Spending broke records

The extraordinary stakes of the two Georgia elections attracted record-shattering spending from both sides as party leaders converged on the state, concluding with election eve visits from Biden and President Donald Trump.

Biden, the first Democratic presidential nominee to carry Georgia since 1992, had urged voters at his Monday rally to send Ossoff and Warnock to join him in efforts to revitalize the economy, expand health care and voting rights, and address criminal justice and climate change. He also derided Loeffler and Perdue as too beholden to Trump, who is using false claims about election fraud in an attempt to overturn the November results. 

“You have two senators now who think they don’t work for you, they work for Trump,” Biden said. “As our opposition friends are finding out, all power flows from the people, from the people. That’s our history, that’s our law, that’s our tradition, that’s our Constitution. Politicians cannot assert, take or seize power. Power is given, granted by the American people.”

Ossoff and Warnock modeled their campaigns after Biden’s, holding outdoor car rallies and focusing much of their public appearances on how they would shepherd the country through the economic recovery from the pandemic and the racial reckoning that rocked the 2020 election cycle. 

Like Biden, both sheared the edges from the most progressive elements of the Democratic Party platform. They supported demilitarizing police, not defunding them. They called for increasing access to affordable health care, not “Medicare for All.”

Both have deep connections to civil rights icons of the past half-century who served as beacons for their campaigns. Warnock preaches from Martin Luther King Jr.’s former pulpit, where he has espoused the social justice teachings of Black liberation theology in sermons that Loeffler misrepresented throughout her campaign as radical and dangerous. 

Warnock responded with a series of ads, starring his pet beagle, that subtly dismantled stereotypes against Black male candidates and depicted him as a mild-mannered moderate in a puffer vest and starched windowpane plaid. 

Ossoff lost high-profile House race

Ossoff, who is white, began his career as an intern for Georgia Rep. John Lewis, whom he credits as a mentor.
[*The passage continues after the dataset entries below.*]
(* Let $A,B\in\mathrm{SL}_2\mathbb{Z}$ be noncommuting, well oriented, with $2\le\mathrm{tr}(A)<\mathrm{tr}(B)$ and $\mathrm{tr}(AB)>\mathrm{tr}(B^2)$, and assume $[(ab)^3]\le[(ab^2)^2]-2$. Fix a word $w$ and let $k,h\ge0$ be such that the length of $ab^2wab(ab^2)^kab(ab^2)^hab$ is a multiple of $6$. If $w$ is empty, or is a product of copies of $ab$ and $ab^2$, then $[ab^2wab(ab^2)^kab(ab^2)^hab]<[ab^2w(ab^2)^{k+h+2}]$.
   Context: Words are finite strings over $\{a,b\}$; $\phi$ is the monoid homomorphism with $\phi(a)=A,\phi(b)=B$, and $[w]=\mathrm{tr}(\phi(w))$. Fixed points are for the Möbius action on $\partial\mathcal{H}=\mathbb{P}^1\mathbb{R}$; $\alpha^\pm$ ($\beta^\pm$) are the attracting/repelling fixed points of $A$ ($B$), both equal to the unique fixed point if parabolic. With $\partial\mathcal{H}$ cyclically ordered and $[\alpha,\beta]$ the closed counterclockwise interval from $\alpha$ to $\beta$, let $I^+=\{\alpha^+\}$ if $\alpha^+=\beta^+$, and otherwise the one of $[\alpha^+,\beta^+],[\beta^+,\alpha^+]$ mapped into itself by both $A$ and $B$ (if it exists); define $I^-$ likewise with $A^{-1},B^{-1},\alpha^-,\beta^-$. The pair is coherently oriented if both exist, and well oriented if $A,B$ is coherently oriented but $A,B^{-1}$ is not. *)

theory Defs
  imports "HOL-Analysis.Analysis"
begin

type_synonym mat2 = "int^2^2"

definition SL2Z :: "mat2 set" where
  "SL2Z = {M. det M = 1}"

definition sl2_inv :: "mat2 \<Rightarrow> mat2" where
  "sl2_inv M = (\<chi> i j. if i = 1 \<and> j = 1 then M$2$2
                        else if i = 1 \<and> j = 2 then - M$1$2
                        else if i = 2 \<and> j = 1 then - M$2$1
                        else M$1$1)"

(* points of the boundary RP^1 = R \<union> {\<infinity>}: Some x = x, None = \<infinity> *)
type_synonym p1 = "real option"

definition moeb :: "mat2 \<Rightarrow> p1 \<Rightarrow> p1" where
  "moeb M p = (let a = real_of_int (M$1$1); b = real_of_int (M$1$2);
                   c = real_of_int (M$2$1); d = real_of_int (M$2$2) in
     (case p of
        Some z \<Rightarrow> (if c * z + d \<noteq> 0 then Some ((a * z + b) / (c * z + d)) else None)
      | None \<Rightarrow> (if c \<noteq> 0 then Some (a / c) else None)))"

definition is_fix :: "mat2 \<Rightarrow> p1 \<Rightarrow> bool" where
  "is_fix M p \<longleftrightarrow> moeb M p = p"

(* eigenvalue of M on the line representing the fixed point p:
   at z = [z:1] it is c z + d, at \<infinity> = [1:0] it is a.
   The derivative of the Moebius map at p is 1/(mult)^2, so p is attracting
   iff |mult| > 1 and repelling iff |mult| < 1; at a parabolic fixed point |mult| = 1. *)
definition mult :: "mat2 \<Rightarrow> p1 \<Rightarrow> real" where
  "mult M p = (case p of Some z \<Rightarrow> real_of_int (M$2$1) * z + real_of_int (M$2$2)
                        | None \<Rightarrow> real_of_int (M$1$1))"

definition attr :: "mat2 \<Rightarrow> p1" where
  "attr M = (THE p. is_fix M p \<and> \<bar>mult M p\<bar> \<ge> 1)"

definition repl :: "mat2 \<Rightarrow> p1" where
  "repl M = (THE p. is_fix M p \<and> \<bar>mult M p\<bar> \<le> 1)"

(* closed cyclic interval from x to y in the cyclic order of R \<union> {\<infinity>}
   (increasing along R, then \<infinity>, then back to -\<infinity>) *)
definition cint :: "p1 \<Rightarrow> p1 \<Rightarrow> p1 set" where
  "cint x y = (case (x, y) of
      (Some u, Some v) \<Rightarrow> (if u \<le> v then {Some z | z. u \<le> z \<and> z \<le> v}
                           else {Some z | z. u \<le> z} \<union> {None} \<union> {Some z | z. z \<le> v})
    | (Some u, None) \<Rightarrow> {Some z | z. u \<le> z} \<union> {None}
    | (None, Some v) \<Rightarrow> {None} \<union> {Some z | z. z \<le> v}
    | (None, None) \<Rightarrow> {None})"

definition invariant_int :: "mat2 \<Rightarrow> mat2 \<Rightarrow> p1 set \<Rightarrow> bool" where
  "invariant_int A B I \<longleftrightarrow> moeb A ` I \<subseteq> I \<and> moeb B ` I \<subseteq> I"

definition Iplus_exists :: "mat2 \<Rightarrow> mat2 \<Rightarrow> bool" where
  "Iplus_exists A B \<longleftrightarrow> attr A = attr B \<or>
     invariant_int A B (cint (attr A) (attr B)) \<or> invariant_int A B (cint (attr B) (attr A))"

definition Iminus_exists :: "mat2 \<Rightarrow> mat2 \<Rightarrow> bool" where
  "Iminus_exists A B \<longleftrightarrow> repl A = repl B \<or>
     invariant_int (sl2_inv A) (sl2_inv B) (cint (repl A) (repl B)) \<or>
     invariant_int (sl2_inv A) (sl2_inv B) (cint (repl B) (repl A))"

definition coherently_oriented :: "mat2 \<Rightarrow> mat2 \<Rightarrow> bool" where
  "coherently_oriented A B \<longleftrightarrow> Iplus_exists A B \<and> Iminus_exists A B"

definition well_oriented :: "mat2 \<Rightarrow> mat2 \<Rightarrow> bool" where
  "well_oriented A B \<longleftrightarrow> coherently_oriented A B \<and> \<not> coherently_oriented A (sl2_inv B)"

datatype letter = La | Lb

fun phi :: "mat2 \<Rightarrow> mat2 \<Rightarrow> letter list \<Rightarrow> mat2" where
  "phi A B [] = mat 1"
| "phi A B (l # w) = (case l of La \<Rightarrow> A | Lb \<Rightarrow> B) ** phi A B w"

definition trw :: "mat2 \<Rightarrow> mat2 \<Rightarrow> letter list \<Rightarrow> int" where
  "trw A B w = trace (phi A B w)"

definition wpow :: "letter list \<Rightarrow> nat \<Rightarrow> letter list" where
  "wpow u n = concat (replicate n u)"

end

theory Submission
  imports Defs
begin

text \<open>The trace hypotheses force \<open>tr AB = (tr B)\<^sup>2 - 1\<close> and \<open>2 tr A \<le> tr B\<close>. Since the trace
  of a word in \<open>A, B\<close> is a polynomial in \<open>tr A, tr B, tr AB\<close>, we may replace \<open>A, B\<close> by a
  real pair with the same three traces and nonnegative entries, parametrised by
  \<open>e = tr A - 2 \<ge> 0\<close>, \<open>d = tr B - 2 tr A \<ge> 0\<close> and the larger eigenvalue \<open>u\<close> of \<open>B\<close>.
  Both words start with \<open>ab\<^sup>2w\<close>, so the difference of their traces is \<open>tr (Q N A)\<close>, where
  \<open>Q = \<phi>(b\<^sup>2w)\<close> is nonnegative of determinant 1 and
  \<open>N = \<phi>((ab\<^sup>2)\<^sup>k\<^sup>+\<^sup>h\<^sup>+\<^sup>2) - \<phi>(ab (ab\<^sup>2)\<^sup>k ab (ab\<^sup>2)\<^sup>h ab)\<close>. In \<open>k\<close> and in \<open>h\<close>,
  \<open>N A\<close> satisfies the Chebyshev recurrence \<open>X\<^sub>n\<^sub>+\<^sub>2 = t X\<^sub>n\<^sub>+\<^sub>1 - X\<^sub>n\<close> with
  \<open>t = tr (ab\<^sup>2) \<ge> 2\<close>, so its entries are positive as soon as the four cases \<open>k, h \<le> 1\<close>
  behave; these are certified by exact computation in \<open>\<int>[e, d][u]\<close>.\<close>

section \<open>Two-by-two matrices\<close>

definition m22 :: "'a \<Rightarrow> 'a \<Rightarrow> 'a \<Rightarrow> 'a \<Rightarrow> 'a^2^2" where
  "m22 a b c d = (\<chi> i j. if i = 1 then (if j = 1 then a else b) else (if j = 1 then c else d))"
The late Democratic congressman was among Ossoff’s earliest political backers when Ossoff ran in a fiercely competitive special election for an Atlanta-area House seat in 2017. 

Ossoff lost that race, but it helped him tap into a network of thousands of volunteers who remained active throughout his Senate bid. It also gave him inroads with political organizers, many of them working to galvanize voters of color who have transformed the state’s Democratic Party in recent years. 
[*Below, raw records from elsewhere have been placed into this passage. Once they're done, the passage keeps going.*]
lemma split_field_endo_surj:
  assumes \<sigma>: "hom_on (split_field n a) \<sigma>" "inj_on \<sigma> (split_field n a)"
    "\<sigma> ` split_field n a \<subseteq> split_field n a"
    and \<sigma>K: "\<And>r. \<sigma> (emb_K r) = emb_K r" and \<sigma>V: "\<sigma> ` roots_addP n a \<subseteq> roots_addP n a"
  shows "\<sigma> ` roots_addP n a = roots_addP n a" and "\<sigma> ` split_field n a = split_field n a"
proof -
  show V: "\<sigma> ` roots_addP n a = roots_addP n a"
    using inj_on_subset[OF \<sigma>(2) roots_addP_subset_split_field] \<sigma>V
    by (intro endo_inj_surj[OF roots_addP_finite])
  have "range emb_K \<subseteq> \<sigma> ` split_field n a"
    using \<sigma>K range_emb_K_subset_split_field[of n a] by (metis image_subsetI rev_image_eqI subsetD rangeI)
  moreover have "roots_addP n a \<subseteq> \<sigma> ` split_field n a"
    using V roots_addP_subset_split_field[of n a] by (metis image_mono)
  ultimately have "split_field n a \<subseteq> \<sigma> ` split_field n a"
    by (intro split_field_least is_subfield_image[OF is_subfield_split_field \<sigma>(1)]) simp
  thus "\<sigma> ` split_field n a = split_field n a" using \<sigma>(3) by blast
qed

theorem galois_group_conjugate:
  fixes \<tau> :: "'k::{finite,field} ac \<Rightarrow> 'b::field"
  assumes \<tau>: "hom_on (split_field n a) \<tau>" and \<phi>: "hom_on UNIV \<phi>"
    and \<phi>K: "\<And>r. \<phi> (\<tau> (emb_K r)) = \<tau> (emb_K r)"
    and \<phi>V: "\<And>v. v \<in> roots_addP n a \<Longrightarrow> \<phi> (\<tau> v) \<in> \<tau> ` roots_addP n a"
  shows "\<exists>\<sigma>\<in>galois_group n a. (\<forall>x\<in>split_field n a. \<tau> (\<sigma> x) = \<phi> (\<tau> x))
           \<and> \<sigma> ` roots_addP n a = roots_addP n a"
proof -
  note L = is_subfield_split_field[of n a]
  obtain \<sigma> where \<sigma>L: "\<forall>x\<in>split_field n a. \<sigma> x \<in> split_field n a \<and> \<tau> (\<sigma> x) = \<phi> (\<tau> x)"
    and \<sigma>: "inj_on \<sigma> (split_field n a)" "hom_on (split_field n a) \<sigma>"
    using hom_on_conjugate[OF L \<tau> \<phi> split_field_image_stable[OF \<tau> \<phi> \<phi>K \<phi>V]] by blast
  have \<sigma>eqI: "\<sigma> x = y" if "x \<in> split_field n a" "y \<in> split_field n a" "\<tau> y = \<phi> (\<tau> x)" for x y
    using inj_onD[OF inj_on_hom_on[OF \<tau> L], of "\<sigma> x" y] \<sigma>L that by simp
  have KL: "emb_K r \<in> split_field n a" for r using range_emb_K_subset_split_field by blast
  have \<sigma>K: "\<sigma> (emb_K r) = emb_K r" for r by (rule \<sigma>eqI) (simp_all add: KL \<phi>K)
  have "\<sigma> v \<in> roots_addP n a" if v: "v \<in> roots_addP n a" for v
  proof -
    obtain w where w: "w \<in> roots_addP n a" "\<phi> (\<tau> v) = \<tau> w" using \<phi>V[OF v] by blast
    have "\<sigma> v = w" using v w roots_addP_subset_split_field by (intro \<sigma>eqI) auto
    thus ?thesis using w(1) by simp
  qed
  hence "\<sigma> ` roots_addP n a = roots_addP n a" "\<sigma> ` split_field n a = split_field n a"
    using split_field_endo_surj[OF \<sigma>(2,1) _ \<sigma>K] \<sigma>L by blast+
  moreover have "\<sigma> \<in> galois_group n a"
    using \<sigma> \<sigma>K calculation(2) by (simp add: galois_group_def bij_betw_def hom_on_def)
  ultimately show ?thesis using \<sigma>L by blast
qed
lemma E0_agreement:
  assumes v: "v \<in> V" and "e \<in> E0" "v \<in># ends e"
  shows "\<exists>a<3. \<exists>b<3. a \<noteq> b \<and> factor_edge a v = factor_edge b v"
proof (rule ccontr)
  assume "\<not> ?thesis"
  then have "card (factor_edges v) = 3"
    unfolding factor_edges_def ex_less_three by auto
  then have "incident E0 v = {}"
    using deg_E0[OF v] deg_eq_card_incident[OF E0_subset] finite_incident[OF E0_subset] by auto
  then show False using assms(2,3) unfolding incident_def by blast
qed

lemma E0_neighbour:
  assumes "e \<in> E0" "v \<in># ends e"
  obtains x where "x \<noteq> v" "ends e = {#v, x#}" "x \<in> V"
proof -
  have e: "e \<in> E" using assms(1) E0_subset by blast
  then obtain x where "x \<noteq> v" "ends e = {#v, x#}" using other_end assms(2) by blast
  moreover from this have "x \<in> V" using edge_end_in_V[OF e] by simp
  ultimately show thesis using that by blast
qed

subsection \<open>Charging the odd components\<close>

definition shared_nearby :: "nat \<Rightarrow> 'v \<Rightarrow> bool" where
  "shared_nearby i v \<longleftrightarrow> (\<exists>e\<in>E0. v \<in># ends e \<and> (\<exists>x. x \<noteq> v \<and> x \<in># ends e \<and> shared i x))"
Loeffler and Perdue declared themselves the last line of defense against Democratic control in Washington and said their opponents were radical socialists who would sell out the state’s interests to party leaders in D.C. 

They also bought into Trump’s false claims that the Nov. 3 election had been stolen from him, demanding the resignation of Georgia’s Republican secretary of state, Brad Raffensperger, and supporting, eventually, the efforts in Congress to object to the counting of the state’s electoral votes.

Gabriel Sterling, the top voting administrator in Georgia who delivered a lengthy rebuttal to Trump’s fraud claims on Monday, told CNN it would be Trump’s fault if Republicans lost.

“When you tell people your vote doesn’t count, has been stolen, and people start to believe that, and then you go to the two senators and tell them to ask the secretary of state to resign and trigger a civil war in the Republican Party when you need voters to unite, all of that stems from his decision-making since the Nov. 3 election,” Sterling said Tuesday night.